Sulli A, Burroni A, Tuccio M, Pizzorni C, Craviotto C, Ghio M, Basso M, Seriolo B, Cutolo M
Divisione di Reumatologia, Dipartimento di Medicina Interna, Università degli Studi di Genova, Genoa.
Reumatismo. 2004 Jan-Mar;56(1):36-45. doi: 10.4081/reumatismo.2004.36.
The aim of the present study was to demonstrate, by nailfold videocapillaroscopy (NVC), the existence of diagnostic and follow-up parameters of microvascular damage in systemic sclerosis (SS) (grouped in the "early", "active" and "late" NVC patterns). The presence of the different subsets of skin involvement (limSS and difSS), as well as the role of some specific serum autoantibodies in the expression of the NVC parameters were investigated.
245 consecutive SS patients were recruited and clinical data assessed. Antinuclear (ANA), antitopoisomerase I (Scl70) and anticentromere (ACA) antibodies were investigated in all patients.

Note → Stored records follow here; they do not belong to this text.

(* For every $n$ there is an instance of $P2\|C_{\max}$ with $3n+1$ jobs and an initial schedule from which a sequence of improving 3-swaps, each interchanging exactly three jobs between the two machines, has length $2^{\Omega(n)}$ before a 3-swap optimal solution is reached; i.e., the number of improving 3-swaps until a 3-swap optimal solution is reached can be $2^{\Omega(n)}$.
   Context: Problem $P2\|C_{\max}$: jobs with processing times $p_j>0$, two identical machines. A schedule $\sigma=(M_1,M_2)$ partitions the jobs into the sets processed on machines 1 and 2; loads $L_i=\sum_{j\in M_i}p_j$, makespan $\max_iL_i$. A 3-swap (in this statement) chooses $k'$ jobs on one machine and $k''$ jobs on the other with $k'+k''=3$ and interchanges their machine assignments; it is improving if the makespan strictly decreases. A 3-swap optimal solution is a schedule admitting no improving 3-swap. *)

theory Defs
  imports Complex_Main
begin

text \<open>Jobs are 0,...,m-1 with processing times p j. A schedule is given by the set M1
of jobs on machine 1; machine 2 gets the remaining jobs {0..<m} - M1.\<close>

definition load :: "(nat \<Rightarrow> real) \<Rightarrow> nat set \<Rightarrow> real" where
  "load p M = (\<Sum>j\<in>M. p j)"

definition makespan :: "nat \<Rightarrow> (nat \<Rightarrow> real) \<Rightarrow> nat set \<Rightarrow> real" where
  "makespan m p M1 = max (load p M1) (load p ({0..<m} - M1))"

definition is_schedule :: "nat \<Rightarrow> nat set \<Rightarrow> bool" where
  "is_schedule m M1 \<longleftrightarrow> M1 \<subseteq> {0..<m}"

definition three_swap :: "nat \<Rightarrow> nat set \<Rightarrow> nat set \<Rightarrow> bool" where
  "three_swap m M1 M1' \<longleftrightarrow>
     (\<exists>A B. A \<subseteq> M1 \<and> B \<subseteq> {0..<m} - M1 \<and> card A + card B = 3 \<and>
            M1' = (M1 - A) \<union> B)"

definition improving_three_swap :: "nat \<Rightarrow> (nat \<Rightarrow> real) \<Rightarrow> nat set \<Rightarrow> nat set \<Rightarrow> bool" where
  "improving_three_swap m p M1 M1' \<longleftrightarrow>
     three_swap m M1 M1' \<and> makespan m p M1' < makespan m p M1"

definition three_swap_optimal :: "nat \<Rightarrow> (nat \<Rightarrow> real) \<Rightarrow> nat set \<Rightarrow> bool" where
  "three_swap_optimal m p M1 \<longleftrightarrow> \<not> (\<exists>M1'. improving_three_swap m p M1 M1')"

end

theory Submission imports Defs begin

(* Give job j the processing time 2^j. The largest job K outweighs all others together, so
   as long as it stays on machine 1 the makespan is 2^K plus the binary number whose set bits
   are the other jobs on machine 1, and a 3-swap leaving job K in place is improving exactly
   when it flips three bits of that number, the highest of them being set. From 2^(k-1) + j
   with j < 4, flip bits k-1, k-2, k-3; then descend on the lowest k-2 bits (bit k-2 stays
   set) to 2^(k-2) + j' with j' < 4, and finally descend on the lowest k-1 bits. Hence the
   length T(k) of such descents satisfies T(k) >= 1 + T(k-2) + T(k-1), so T(k) >= 2^((k-3)/2).
   As the makespan strictly decreases and there are finitely many schedules, the descent
   continues to a 3-swap optimal schedule. *)

lemma relpowp_map:
  "(R ^^ n) x y \<Longrightarrow> (\<And>x y. R x y \<Longrightarrow> S (f x) (f y)) \<Longrightarrow> (S ^^ n) (f x) (f y)"
  by (induction n arbitrary: y) auto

Giant capillaries and hemorrhages were confirmed to be the earliest NVC finding in SS (diagnostic parameters). The loss of capillaries, along with ramified capillaries and vascular architectural disorganization were validated as parameters of progression of SS microangiopathy. Really, both Raynaud's phenomenon (RP) and SS duration were detected longer in patients with the "late" than in those with the "active" or the "early" NVC pattern. Patients affected by limSS were found to have shorter disease duration, as well as showed more frequently the "early" or the "active" NVC patterns. Conversely, patients affected by the difSS showed longer disease duration and mostly the presence of the "active" or "late" NVC pattern. The Scl70 positivity was lower in the patients showing the "early" than in those with the "active" and the "late" NVC patterns, whereas no significant correlation was found between the Scl70 presence and both RP and SS duration. The ACA positivity was higher in patients showing the "early" NVC pattern, as well as in patients with longer disease duration.
This study confirms that the identification of distinct NVC patterns may be useful to evaluate the severity and the stage of the SS microvascular damage. The presence of the Scl70 antibodies seems related to a more rapid progression of the SS microangiopathy. On the contrary, the presence of the ACA seems to be related to a slower progression of the SS microvascular damage. The SS peripheral microangiopathy is similar as in patients with limSS, as in those affected by difSS.
本研究旨在通过甲襞视频毛细血管镜检查(NVC),证明系统性硬化症(SS)微血管损伤的诊断和随访参数的存在(分为“早期”、“活动期”和“晚期”NVC模式)。研究了不同皮肤受累亚组(局限性SS和弥漫性SS)的存在,以及一些特定血清自身抗体在NVC参数表达中的作用。
招募了245例连续的SS患者并评估临床数据。对所有患者检测抗核抗体(ANA)、抗拓扑异构酶I抗体(Scl70)和抗着丝点抗体(ACA)。
巨型毛细血管和出血被确认为SS中最早的NVC表现(诊断参数)。毛细血管丧失以及分支状毛细血管和血管结构紊乱被确认为SS微血管病变进展的参数。实际上,“晚期”NVC模式患者的雷诺现象(RP)和SS病程均比“活动期”或“早期”NVC模式患者更长。局限性SS患者的病程较短,且更常表现为“早期”或“活动期”NVC模式。相反,弥漫性SS患者的病程较长,且大多表现为“活动期”或“晚期”NVC模式。表现为“早期”NVC模式的患者中Scl70阳性率低于“活动期”和“晚期”NVC模式患者,而Scl70的存在与RP和SS病程均无显著相关性。表现为“早期”NVC模式的患者以及病程较长的患者中ACA阳性率较高。
本研究证实,识别不同的NVC模式可能有助于评估SS微血管损伤的严重程度和阶段。Scl70抗体的存在似乎与SS微血管病变的更快进展有关。相反,ACA的存在似乎与SS微血管损伤的较慢进展有关。SS周围微血管病变在局限性SS患者和弥漫性SS患者中相似。